* [TASK DIRECTIONS]: Copy each entry below exactly as it appears.

Records excerpted from a collection:
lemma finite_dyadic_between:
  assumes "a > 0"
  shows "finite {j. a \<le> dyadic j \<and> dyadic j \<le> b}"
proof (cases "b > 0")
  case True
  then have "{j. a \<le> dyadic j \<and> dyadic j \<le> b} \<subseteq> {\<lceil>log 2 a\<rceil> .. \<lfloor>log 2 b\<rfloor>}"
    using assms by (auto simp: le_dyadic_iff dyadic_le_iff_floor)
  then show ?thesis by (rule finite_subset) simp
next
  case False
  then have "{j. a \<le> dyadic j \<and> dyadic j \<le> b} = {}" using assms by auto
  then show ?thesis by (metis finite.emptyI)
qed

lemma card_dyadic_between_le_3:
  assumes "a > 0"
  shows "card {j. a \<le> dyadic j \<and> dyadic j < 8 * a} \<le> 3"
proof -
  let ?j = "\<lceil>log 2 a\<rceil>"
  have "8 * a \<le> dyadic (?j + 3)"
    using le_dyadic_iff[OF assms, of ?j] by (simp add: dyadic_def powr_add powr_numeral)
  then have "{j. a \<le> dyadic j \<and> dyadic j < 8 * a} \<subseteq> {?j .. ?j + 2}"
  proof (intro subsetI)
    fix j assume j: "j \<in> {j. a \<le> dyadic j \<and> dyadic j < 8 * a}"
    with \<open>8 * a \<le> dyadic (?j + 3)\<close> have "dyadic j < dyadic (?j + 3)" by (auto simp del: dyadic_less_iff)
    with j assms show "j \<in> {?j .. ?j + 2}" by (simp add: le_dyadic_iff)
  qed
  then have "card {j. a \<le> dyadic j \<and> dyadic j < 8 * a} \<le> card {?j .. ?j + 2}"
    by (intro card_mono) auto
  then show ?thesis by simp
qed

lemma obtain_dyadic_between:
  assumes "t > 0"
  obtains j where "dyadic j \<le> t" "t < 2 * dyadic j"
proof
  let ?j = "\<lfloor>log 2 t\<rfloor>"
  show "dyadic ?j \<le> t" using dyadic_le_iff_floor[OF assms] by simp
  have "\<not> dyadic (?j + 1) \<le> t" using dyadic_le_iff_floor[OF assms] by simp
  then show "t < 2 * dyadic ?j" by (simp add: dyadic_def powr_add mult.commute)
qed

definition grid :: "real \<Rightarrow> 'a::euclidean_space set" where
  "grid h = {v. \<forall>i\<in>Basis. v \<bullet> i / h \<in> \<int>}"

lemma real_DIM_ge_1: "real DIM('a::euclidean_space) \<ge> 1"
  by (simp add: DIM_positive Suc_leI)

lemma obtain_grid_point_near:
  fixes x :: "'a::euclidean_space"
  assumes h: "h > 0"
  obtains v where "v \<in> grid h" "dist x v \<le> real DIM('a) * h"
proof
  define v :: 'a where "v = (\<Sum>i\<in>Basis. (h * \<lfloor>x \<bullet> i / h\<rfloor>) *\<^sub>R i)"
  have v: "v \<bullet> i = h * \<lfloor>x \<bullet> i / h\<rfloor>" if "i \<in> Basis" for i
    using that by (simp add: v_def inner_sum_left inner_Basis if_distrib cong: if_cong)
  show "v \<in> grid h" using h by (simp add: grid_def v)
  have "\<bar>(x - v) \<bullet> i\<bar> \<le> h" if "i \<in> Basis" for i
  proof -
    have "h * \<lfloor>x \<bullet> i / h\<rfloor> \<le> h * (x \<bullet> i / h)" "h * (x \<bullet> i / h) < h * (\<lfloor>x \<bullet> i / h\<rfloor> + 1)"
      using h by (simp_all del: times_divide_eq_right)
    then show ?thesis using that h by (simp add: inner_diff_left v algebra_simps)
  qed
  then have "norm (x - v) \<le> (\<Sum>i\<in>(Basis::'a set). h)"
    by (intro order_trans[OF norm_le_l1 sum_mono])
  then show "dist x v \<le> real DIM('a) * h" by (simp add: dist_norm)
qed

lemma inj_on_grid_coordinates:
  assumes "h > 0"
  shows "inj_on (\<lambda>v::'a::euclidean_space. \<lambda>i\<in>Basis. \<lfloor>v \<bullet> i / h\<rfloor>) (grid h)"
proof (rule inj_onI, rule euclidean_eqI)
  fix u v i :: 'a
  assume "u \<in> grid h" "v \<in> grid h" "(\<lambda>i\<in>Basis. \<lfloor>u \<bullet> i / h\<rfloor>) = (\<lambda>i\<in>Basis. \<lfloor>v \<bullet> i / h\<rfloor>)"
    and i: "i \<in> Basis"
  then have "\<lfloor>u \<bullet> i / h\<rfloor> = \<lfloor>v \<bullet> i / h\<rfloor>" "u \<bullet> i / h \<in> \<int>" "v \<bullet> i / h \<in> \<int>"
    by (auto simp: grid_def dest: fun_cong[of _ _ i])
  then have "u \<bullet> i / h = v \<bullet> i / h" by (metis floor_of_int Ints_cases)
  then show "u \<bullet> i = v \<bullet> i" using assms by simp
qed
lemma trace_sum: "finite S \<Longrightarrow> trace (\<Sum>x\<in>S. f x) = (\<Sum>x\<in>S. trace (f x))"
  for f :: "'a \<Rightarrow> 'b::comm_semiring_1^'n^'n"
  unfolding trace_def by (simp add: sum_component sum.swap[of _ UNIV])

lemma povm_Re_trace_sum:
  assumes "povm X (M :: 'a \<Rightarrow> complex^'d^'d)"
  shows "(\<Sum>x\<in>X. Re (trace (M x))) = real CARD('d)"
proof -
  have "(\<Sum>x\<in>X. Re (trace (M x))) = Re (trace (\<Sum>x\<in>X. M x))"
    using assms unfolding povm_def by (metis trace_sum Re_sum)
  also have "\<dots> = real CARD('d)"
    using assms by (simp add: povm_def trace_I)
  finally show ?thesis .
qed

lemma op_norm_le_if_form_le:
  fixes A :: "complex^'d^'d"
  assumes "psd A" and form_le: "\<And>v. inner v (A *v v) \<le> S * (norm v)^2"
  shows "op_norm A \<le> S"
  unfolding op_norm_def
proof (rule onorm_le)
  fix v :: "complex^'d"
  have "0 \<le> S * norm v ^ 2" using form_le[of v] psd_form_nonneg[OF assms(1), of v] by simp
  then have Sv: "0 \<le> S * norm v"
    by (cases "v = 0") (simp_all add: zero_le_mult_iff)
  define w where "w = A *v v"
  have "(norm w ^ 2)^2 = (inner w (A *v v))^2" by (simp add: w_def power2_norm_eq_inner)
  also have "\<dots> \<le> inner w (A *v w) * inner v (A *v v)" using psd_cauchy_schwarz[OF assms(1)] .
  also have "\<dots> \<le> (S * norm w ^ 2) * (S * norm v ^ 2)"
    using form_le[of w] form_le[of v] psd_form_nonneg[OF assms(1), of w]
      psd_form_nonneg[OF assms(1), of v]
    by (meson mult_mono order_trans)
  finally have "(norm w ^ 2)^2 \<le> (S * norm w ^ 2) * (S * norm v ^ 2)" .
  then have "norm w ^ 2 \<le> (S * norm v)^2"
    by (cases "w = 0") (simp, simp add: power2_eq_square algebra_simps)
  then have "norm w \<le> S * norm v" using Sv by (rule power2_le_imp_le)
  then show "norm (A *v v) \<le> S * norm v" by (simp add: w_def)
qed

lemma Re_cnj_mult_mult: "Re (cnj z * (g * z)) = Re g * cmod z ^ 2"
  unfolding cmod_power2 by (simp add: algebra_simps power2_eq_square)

* [ANSWER SPACE]:
lemma finite_dyadic_between:
  assumes "a > 0"
  shows "finite {j. a \<le> dyadic j \<and> dyadic j \<le> b}"
proof (cases "b > 0")
  case True
  then have "{j. a \<le> dyadic j \<and> dyadic j \<le> b} \<subseteq> {\<lceil>log 2 a\<rceil> .. \<lfloor>log 2 b\<rfloor>}"
    using assms by (auto simp: le_dyadic_iff dyadic_le_iff_floor)
  then show ?thesis by (rule finite_subset) simp
next
  case False
  then have "{j. a \<le> dyadic j \<and> dyadic j \<le> b} = {}" using assms by auto
  then show ?thesis by (metis finite.emptyI)
qed

lemma card_dyadic_between_le_3:
  assumes "a > 0"
  shows "card {j. a \<le> dyadic j \<and> dyadic j < 8 * a} \<le> 3"
proof -
  let ?j = "\<lceil>log 2 a\<rceil>"
  have "8 * a \<le> dyadic (?j + 3)"
    using le_dyadic_iff[OF assms, of ?j] by (simp add: dyadic_def powr_add powr_numeral)
  then have "{j. a \<le> dyadic j \<and> dyadic j < 8 * a} \<subseteq> {?j .. ?j + 2}"
  proof (intro subsetI)
    fix j assume j: "j \<in> {j. a \<le> dyadic j \<and> dyadic j < 8 * a}"
    with \<open>8 * a \<le> dyadic (?j + 3)\<close> have "dyadic j < dyadic (?j + 3)" by (auto simp del: dyadic_less_iff)
    with j assms show "j \<in> {?j .. ?j + 2}" by (simp add: le_dyadic_iff)
  qed
  then have "card {j. a \<le> dyadic j \<and> dyadic j < 8 * a} \<le> card {?j .. ?j + 2}"
    by (intro card_mono) auto
  then show ?thesis by simp
qed

lemma obtain_dyadic_between:
  assumes "t > 0"
  obtains j where "dyadic j \<le> t" "t < 2 * dyadic j"
proof
  let ?j = "\<lfloor>log 2 t\<rfloor>"
  show "dyadic ?j \<le> t" using dyadic_le_iff_floor[OF assms] by simp
  have "\<not> dyadic (?j + 1) \<le> t" using dyadic_le_iff_floor[OF assms] by simp
  then show "t < 2 * dyadic ?j" by (simp add: dyadic_def powr_add mult.commute)
qed

definition grid :: "real \<Rightarrow> 'a::euclidean_space set" where
  "grid h = {v. \<forall>i\<in>Basis. v \<bullet> i / h \<in> \<int>}"

lemma real_DIM_ge_1: "real DIM('a::euclidean_space) \<ge> 1"
  by (simp add: DIM_positive Suc_leI)

lemma obtain_grid_point_near:
  fixes x :: "'a::euclidean_space"
  assumes h: "h > 0"
  obtains v where "v \<in> grid h" "dist x v \<le> real DIM('a) * h"
proof
  define v :: 'a where "v = (\<Sum>i\<in>Basis. (h * \<lfloor>x \<bullet> i / h\<rfloor>) *\<^sub>R i)"
  have v: "v \<bullet> i = h * \<lfloor>x \<bullet> i / h\<rfloor>" if "i \<in> Basis" for i
    using that by (simp add: v_def inner_sum_left inner_Basis if_distrib cong: if_cong)
  show "v \<in> grid h" using h by (simp add: grid_def v)
  have "\<bar>(x - v) \<bullet> i\<bar> \<le> h" if "i \<in> Basis" for i
  proof -
    have "h * \<lfloor>x \<bullet> i / h\<rfloor> \<le> h * (x \<bullet> i / h)" "h * (x \<bullet> i / h) < h * (\<lfloor>x \<bullet> i / h\<rfloor> + 1)"
      using h by (simp_all del: times_divide_eq_right)
    then show ?thesis using that h by (simp add: inner_diff_left v algebra_simps)
  qed
  then have "norm (x - v) \<le> (\<Sum>i\<in>(Basis::'a set). h)"
    by (intro order_trans[OF norm_le_l1 sum_mono])
  then show "dist x v \<le> real DIM('a) * h" by (simp add: dist_norm)
qed

lemma inj_on_grid_coordinates:
  assumes "h > 0"
  shows "inj_on (\<lambda>v::'a::euclidean_space. \<lambda>i\<in>Basis. \<lfloor>v \<bullet> i / h\<rfloor>) (grid h)"
proof (rule inj_onI, rule euclidean_eqI)
  fix u v i :: 'a
  assume "u \<in> grid h" "v \<in> grid h" "(\<lambda>i\<in>Basis. \<lfloor>u \<bullet> i / h\<rfloor>) = (\<lambda>i\<in>Basis. \<lfloor>v \<bullet> i / h\<rfloor>)"
    and i: "i \<in> Basis"
  then have "\<lfloor>u \<bullet> i / h\<rfloor> = \<lfloor>v \<bullet> i / h\<rfloor>" "u \<bullet> i / h \<in> \<int>" "v \<bullet> i / h \<in> \<int>"
    by (auto simp: grid_def dest: fun_cong[of _ _ i])
  then have "u \<bullet> i / h = v \<bullet> i / h" by (metis floor_of_int Ints_cases)
  then show "u \<bullet> i = v \<bullet> i" using assms by simp
qed
lemma trace_sum: "finite S \<Longrightarrow> trace (\<Sum>x\<in>S. f x) = (\<Sum>x\<in>S. trace (f x))"
  for f :: "'a \<Rightarrow> 'b::comm_semiring_1^'n^'n"
  unfolding trace_def by (simp add: sum_component sum.swap[of _ UNIV])

lemma povm_Re_trace_sum:
  assumes "povm X (M :: 'a \<Rightarrow> complex^'d^'d)"
  shows "(\<Sum>x\<in>X. Re (trace (M x))) = real CARD('d)"
proof -
  have "(\<Sum>x\<in>X. Re (trace (M x))) = Re (trace (\<Sum>x\<in>X. M x))"
    using assms unfolding povm_def by (metis trace_sum Re_sum)
  also have "\<dots> = real CARD('d)"
    using assms by (simp add: povm_def trace_I)
  finally show ?thesis .
qed

lemma op_norm_le_if_form_le:
  fixes A :: "complex^'d^'d"
  assumes "psd A" and form_le: "\<And>v. inner v (A *v v) \<le> S * (norm v)^2"
  shows "op_norm A \<le> S"
  unfolding op_norm_def
proof (rule onorm_le)
  fix v :: "complex^'d"
  have "0 \<le> S * norm v ^ 2" using form_le[of v] psd_form_nonneg[OF assms(1), of v] by simp
  then have Sv: "0 \<le> S * norm v"
    by (cases "v = 0") (simp_all add: zero_le_mult_iff)
  define w where "w = A *v v"
  have "(norm w ^ 2)^2 = (inner w (A *v v))^2" by (simp add: w_def power2_norm_eq_inner)
  also have "\<dots> \<le> inner w (A *v w) * inner v (A *v v)" using psd_cauchy_schwarz[OF assms(1)] .
  also have "\<dots> \<le> (S * norm w ^ 2) * (S * norm v ^ 2)"
    using form_le[of w] form_le[of v] psd_form_nonneg[OF assms(1), of w]
      psd_form_nonneg[OF assms(1), of v]
    by (meson mult_mono order_trans)
  finally have "(norm w ^ 2)^2 \<le> (S * norm w ^ 2) * (S * norm v ^ 2)" .
  then have "norm w ^ 2 \<le> (S * norm v)^2"
    by (cases "w = 0") (simp, simp add: power2_eq_square algebra_simps)
  then have "norm w \<le> S * norm v" using Sv by (rule power2_le_imp_le)
  then show "norm (A *v v) \<le> S * norm v" by (simp add: w_def)
qed

lemma Re_cnj_mult_mult: "Re (cnj z * (g * z)) = Re g * cmod z ^ 2"
  unfolding cmod_power2 by (simp add: algebra_simps power2_eq_square)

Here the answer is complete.